Observability Changes How You Debug

There's a conversation happening in engineering teams about observability versus monitoring, and it actually matters. The distinction shapes how you instrument systems, what questions you can answer in production, and how fast you can debug when things break.

Traditional monitoring watches known metrics and alerts when they cross thresholds. For example, CPU above 80%, error rate above 1%, or latency p99 above 500ms. This approach is effective for known failure modes. You define the signals you care about in advance, set thresholds, and get paged when something crosses them. The limitation is that it only answers questions you thought to ask before the incident.

Observability, as defined by Charity Majors and others, means the system emits enough high-cardinality, high-dimensionality telemetry that you can ask arbitrary questions about its behavior in production and get answers. Instead of alerting on predefined thresholds, you explore the data to understand what happened. The key capability is debugging problems you've never seen before without deploying new instrumentation.
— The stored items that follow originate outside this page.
lemma uniformly_continuous2_imp_continuous_at_zero2:
  assumes "vector_topology T" "uniformly_continuous2 T g" "g 0 0 = 0"
  shows "continuous_at_zero2 T g"
  unfolding continuous_at_zero2_def limitin_def
proof (intro conjI allI impI)
  show "g 0 0 \<in> topspace T"
    using assms(1) by (simp add: vector_topology_def)
  fix U assume "openin T U \<and> g 0 0 \<in> U"
  then have "nbhd0 T U"
    using assms(3) unfolding nbhd0_def by auto
  then obtain V where V: "nbhd0 T V" "\<forall>x x' y y'. x - x' \<in> V \<and> y - y' \<in> V \<longrightarrow> g x y - g x' y' \<in> U"
    using assms(2) unfolding uniformly_continuous2_def by blast
  obtain V0 where V0: "openin T V0" "0 \<in> V0" "V0 \<subseteq> V"
    using V(1) unfolding nbhd0_def by blast
  have "\<forall>z\<in>V0 \<times> V0. (\<lambda>(x, y). g x y) z \<in> U"
    using V(2)[rule_format, of _ 0 _ 0] V0(3) assms(3) by auto
  moreover have "openin (prod_topology T T) (V0 \<times> V0)"
    using V0(1) by (simp add: openin_prod_Times_iff)
  ultimately show "\<forall>\<^sub>F z in nhdsin (prod_topology T T) (0, 0). (\<lambda>(x, y). g x y) z \<in> U"
    unfolding eventually_nhdsin using V0(2) by blast
qed

locale topological_mixed_lattice_space = mixed_lattice_space le sle
  for le sle :: "'a::real_vector \<Rightarrow> 'a \<Rightarrow> bool" +
  fixes T :: "'a topology"
  assumes vector_topology: "vector_topology T"
begin

lemmas nbhd0_half = nbhd0_half[OF vector_topology]
  and nbhd0_uminus = nbhd0_uminus[OF vector_topology]

lemma nbhd0_symmetric: "nbhd0 T N \<Longrightarrow> nbhd0 T (N \<inter> {x. - x \<in> N})"
  by (intro nbhd0_Int nbhd0_uminus)

lemma locally_symmetric_solidD:
  "locally_symmetric_solid T le sle \<Longrightarrow> nbhd0 T N \<Longrightarrow>
    \<exists>W. nbhd0 T W \<and> W \<subseteq> N \<and> symmetric_solid le sle W"
  unfolding locally_symmetric_solid_def by blast
lemma phi2_mult:
  assumes "X \<in> nPic G T \<sigma> n" and "Y \<in> nPic G T \<sigma> n"
  shows "phi2 G T \<sigma> n (mult1 G T \<sigma> Kunits X Y) = Mmult G \<sigma> n (phi2 G T \<sigma> n X) (phi2 G T \<sigma> n Y)"
proof -
  obtain x b where x: "x \<in> Z1 G T \<sigma> Kunits" "X = cls1 G T \<sigma> Kunits x" "kummer_witness x b"
    using assms(1) by (rule nPic_cls1E)
  obtain y b' where y: "y \<in> Z1 G T \<sigma> Kunits" "Y = cls1 G T \<sigma> Kunits y" "kummer_witness y b'"
    using assms(2) by (rule nPic_cls1E)
  show ?thesis
    using x y by (simp add: units.mult1_cls1 units.Z1_mult phi2_cls1 kummer_witness_mult Mmult_Mcls
        Ginv_mod_if_kummer_witness)
qed

lemma phi3_mult:
  assumes "X \<in> Mgrp G \<sigma> n" and "Y \<in> Mgrp G \<sigma> n"
  shows "phi3 G T \<sigma> n (Mmult G \<sigma> n X Y) = mult2 G T \<sigma> (mu n) (phi3 G T \<sigma> n X) (phi3 G T \<sigma> n Y)"
proof -
  obtain a where a: "Ginv_mod G \<sigma> n a" "X = Mcls G \<sigma> n a"
    and da: "cont1 G T Kunits (root_cochain a)" "kummer_witness (root_cochain a) a"
    using assms(1) by (rule Mgrp_MclsE)
  obtain b where b: "Ginv_mod G \<sigma> n b" "Y = Mcls G \<sigma> n b"
    and db: "cont1 G T Kunits (root_cochain b)" "kummer_witness (root_cochain b) b"
    using assms(2) by (rule Mgrp_MclsE)
  let ?d = "\<lambda>g. root_cochain a g * root_cochain b g"
  have "cont1 G T Kunits ?d"
    using da(1) db(1) locally_constant_binop[of T "root_cochain a" "root_cochain b" "(*)"]
    unfolding cont1_iff by simp
  then have "phi3 G T \<sigma> n (Mmult G \<sigma> n X Y) = cls2 G T \<sigma> (mu n) (coboundary2 ?d)"
    using a b da db by (simp add: Mmult_Mcls Ginv_mod_mult phi3_Mcls kummer_witness_mult)
  also have "\<dots> = cls2 G T \<sigma> (mu n) (\<lambda>p. coboundary2 (root_cochain a) p * coboundary2 (root_cochain b) p)"
    by (rule roots.cls2_cong) (simp add: coboundary2_mult)
  also have "\<dots> = mult2 G T \<sigma> (mu n) (phi3 G T \<sigma> n X) (phi3 G T \<sigma> n Y)"
    using a b da db by (simp add: phi3_Mcls roots.mult2_cls2 coboundary2_root_in_Z2)
  finally show ?thesis .
qed

text \<open>If b = z e^n with z in k, twisting c by the coboundary of 1/e makes it mu_n-valued.\<close>

lemma roots_cocycle_if_kummer_rel_one:
  assumes c: "c \<in> Z1 G T \<sigma> Kunits" and b: "kummer_witness c b" and r: "kummer_rel 1 b"
  obtains c' where "c' \<in> Z1 G T \<sigma> (mu n)" and "units.cohomologous1 c c'"
proof -
  obtain z e where z: "z \<in> fixed_field G \<sigma>" "z \<noteq> 0" and e: "e \<noteq> 0" and bz: "b = 1 * z * e ^ n"
    using r by (rule kummer_relE)
  define c' where "c' g = c g * (\<sigma> g (inverse e) / inverse e)" for g
  have c'K: "c' \<in> Z1 G T \<sigma> Kunits"
    unfolding c'_def using e by (intro units.Z1_mult[OF c] units.Z1_coboundary) simp
  have "c' g \<in> mu n" if g: "g \<in> carrier G" for g
  proof -
    have "\<sigma> g z = z" using z g unfolding fixed_field_iff by simp
    moreover have "c g ^ n = \<sigma> g b / b" using b g unfolding kummer_witness_iff by simp
    ultimately have "c' g ^ n = 1"
      unfolding c'_def using g e z(2) bz by (simp add: power_mult_distrib power_divide field_simps)
    then show ?thesis unfolding mu_iff using units.Z1_nonzero[OF c'K g] by simp
  qed
  then have "c' \<in> Z1 G T \<sigma> (mu n)" by (rule Z1_values_into[OF c'K])
  moreover have "units.cohomologous1 c c'"
    unfolding units.cohomologous1_def c'_def using e by (intro bexI[of _ "inverse e"]) simp_all
  ultimately show ?thesis by (rule that)
qed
In practice, the shift to observability requires a significant investment in instrumentation. For example, at my previous company, we instrumented every API request with a unique identifier, allowing us to track the request across multiple services. This added about 10-15% overhead to our API latency, but the benefits far outweighed the costs. We were able to debug issues in minutes that previously took hours.

The practical difference between observability and traditional monitoring is structured events versus metrics and logs. A structured event is a JSON document emitted at the boundary of a request, including details like service name, endpoint, response time, user ID, feature flags, database query count, external call latencies, and any other fields relevant to that request. With structured events stored in a columnar store, you can query any dimension, such as slow requests for a specific user, error rates broken down by feature flag variant, or latency for requests that touched a specific external service.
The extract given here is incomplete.